The environment name.

file_path
Required
str

The pip requirements file path.

pip_version
str

Pip version for conda environment.

Default value: None

Returns

Type Description

The environment object.

get

Return the environment object.

If label is specified, the object previously labeled with the value will be returned. Only one of version or label parameters can be specified. If both are missed, the latest version of the Environment object will be returned.

static get(workspace, name, version=None, label=None)

Parameters

Name Description
workspace
Required

The workspace that contains the environment.

name
Required
str

The name of the environment to return.

version
str

The version of the environment to return.

Default value: None
label
str

Environment label value.

Default value: None

Returns

Type Description

The environment object.

get_image_details

Return the Image details.

get_image_details(workspace)

Parameters

Name Description
workspace
Required

The workspace.

Returns

Type Description

Returns the image details as dict

label

Label environment object in your workspace with the specified values.

static label(workspace, name, version, labels)

Parameters

Name Description
workspace
Required

The workspace

name
Required
str

Environment name

version
Required
str

Environment version

labels
Required

Values to label Environment with

list

Return a dictionary containing environments in the workspace.

static list(workspace)

Parameters

Name Description
workspace
Required

The workspace from which to list environments.

Returns

Type Description
<xref:builtin.dict>[str, Environment]

A dictionary of environment objects.

load_from_directory

Load an environment definition from the files in a directory.
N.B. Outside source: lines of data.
lemma border_mat_singular_pair_head:
  fixes s :: complex
  assumes n: "2 \<le> n" and x: "x \<in> carrier_vec n" and y: "y \<in> carrier_vec n"
    and x0: "x $ 0 \<noteq> 0" and y0: "y $ 0 \<noteq> 0" and corner: "x $ (n - 1) + cnj (y $ (n - 1)) \<noteq> 0"
    and u: "u \<in> carrier_vec n" "u \<noteq> 0\<^sub>v n" and v: "v \<in> carrier_vec n" and s: "s \<noteq> 0"
    and Bv: "border_mat n x y *\<^sub>v v = s \<cdot>\<^sub>v u" and Bu: "border_mat n y x *\<^sub>v u = s \<cdot>\<^sub>v v"
  shows "u $ 0 \<noteq> 0 \<and> v $ 0 \<noteq> 0"
proof -
  let ?N = "n - 1"
  have N: "?N < n" "0 < ?N" using n by auto
  have Bv_i: "s * u $ i = v $ ?N * x $ i + (if i = ?N then v \<bullet>c y else 0)" if "i < n" for i
    using arg_cong[OF Bv, of "\<lambda>w. w $ i"] border_mat_mult_vec[OF x y _ v] that x u(1) by auto
  have Bu_i: "s * v $ i = u $ ?N * y $ i + (if i = ?N then u \<bullet>c x else 0)" if "i < n" for i
    using arg_cong[OF Bu, of "\<lambda>w. w $ i"] border_mat_mult_vec[OF y x _ u(1)] that y v by auto
  have vN: "v $ ?N \<noteq> 0"
  proof
    assume vN: "v $ ?N = 0"
    then have u_i: "u $ i = 0" if "i < n" "i \<noteq> ?N" for i using Bv_i[OF that(1)] that s by simp
    then have "u \<bullet>c x = u $ ?N * cnj (x $ ?N)" by (rule cscalar_prod_single_support[OF u(1) x N(1)])
    then have "u $ ?N * cnj (x $ ?N + cnj (y $ ?N)) = 0"
      using Bu_i[OF N(1)] vN by (simp add: algebra_simps)
    then have "u $ ?N = 0"
      using corner by (metis complex_cnj_cnj complex_cnj_add complex_cnj_zero_iff mult_eq_0_iff)
    with u_i have "u = 0\<^sub>v n" using u(1) by (intro eq_vecI) auto
    with u(2) show False ..
  qed
  have uN: "u $ ?N \<noteq> 0"
  proof
    assume uN: "u $ ?N = 0"
    then have "v $ i = 0" if "i < n" "i \<noteq> ?N" for i using Bu_i[OF that(1)] that s by simp
    then have "v \<bullet>c y = v $ ?N * cnj (y $ ?N)" by (rule cscalar_prod_single_support[OF v y N(1)])
    then have "v $ ?N * (x $ ?N + cnj (y $ ?N)) = 0"
      using Bv_i[OF N(1)] uN by (simp add: algebra_simps)
    with vN corner show False by simp
  qed
  have "s * u $ 0 = v $ ?N * x $ 0" "s * v $ 0 = u $ ?N * y $ 0"
    using Bv_i[of 0] Bu_i[of 0] N by auto
  then show ?thesis using vN uN x0 y0 s by auto
qed

lemma border_mat_rank2_svd_summands_corner:
  assumes n: "2 \<le> n" and x: "x \<in> carrier_vec n" and y: "y \<in> carrier_vec n"
    and x0: "x $ 0 \<noteq> 0" and y0: "y $ 0 \<noteq> 0" and corner: "x $ (n - 1) + cnj (y $ (n - 1)) \<noteq> 0"
    and svd: "rank2_svd n (border_mat n x y) s1 s2 u1 u2 v1 v2"
  shows "(complex_of_real s1 \<cdot>\<^sub>m outer_adj u1 v1) $$ (0, 0) \<noteq> 0
    \<and> (complex_of_real s2 \<cdot>\<^sub>m outer_adj u2 v2) $$ (0, 0) \<noteq> 0"
proof -
  from svd have u: "u1 \<in> carrier_vec n" "u2 \<in> carrier_vec n" "u1 \<noteq> 0\<^sub>v n" "u2 \<noteq> 0\<^sub>v n"
    and v: "v1 \<in> carrier_vec n" "v2 \<in> carrier_vec n" and s: "0 < s2" "s2 \<le> s1"
    unfolding rank2_svd_def by auto
  note Bv = rank2_svd_mult_vec[OF svd]
  note Bu = rank2_svd_mult_vec[OF rank2_svd_adjoint[OF svd], unfolded mat_adjoint_border_mat[OF x y]]
  have "u1 $ 0 \<noteq> 0 \<and> v1 $ 0 \<noteq> 0" "u2 $ 0 \<noteq> 0 \<and> v2 $ 0 \<noteq> 0"
    using border_mat_singular_pair_head[OF n x y x0 y0 corner u(1,3) v(1) _ Bv(1) Bu(1)]
      border_mat_singular_pair_head[OF n x y x0 y0 corner u(2,4) v(2) _ Bv(2) Bu(2)] s by simp_all
  then show ?thesis using u v n s by simp
qed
static load_from_directory(path)

Parameters

Name Description
path
Required
str

Path to the source directory.

register

Register the environment object in your workspace.

register(workspace)

Parameters

Name Description
workspace
Required

The workspace

name
Required
str

Returns

Type Description

Returns the environment object

save_to_directory

Save an environment definition to a directory in an easily editable format.

save_to_directory(path, overwrite=False)

Parameters

Name Description
path
Required
str

Path to the destination directory.

overwrite

If an existing directory should be overwritten. Defaults false.

Default value: False

Attributes

environment_variables

Use azureml.core.RunConfiguration object to set runtime variables.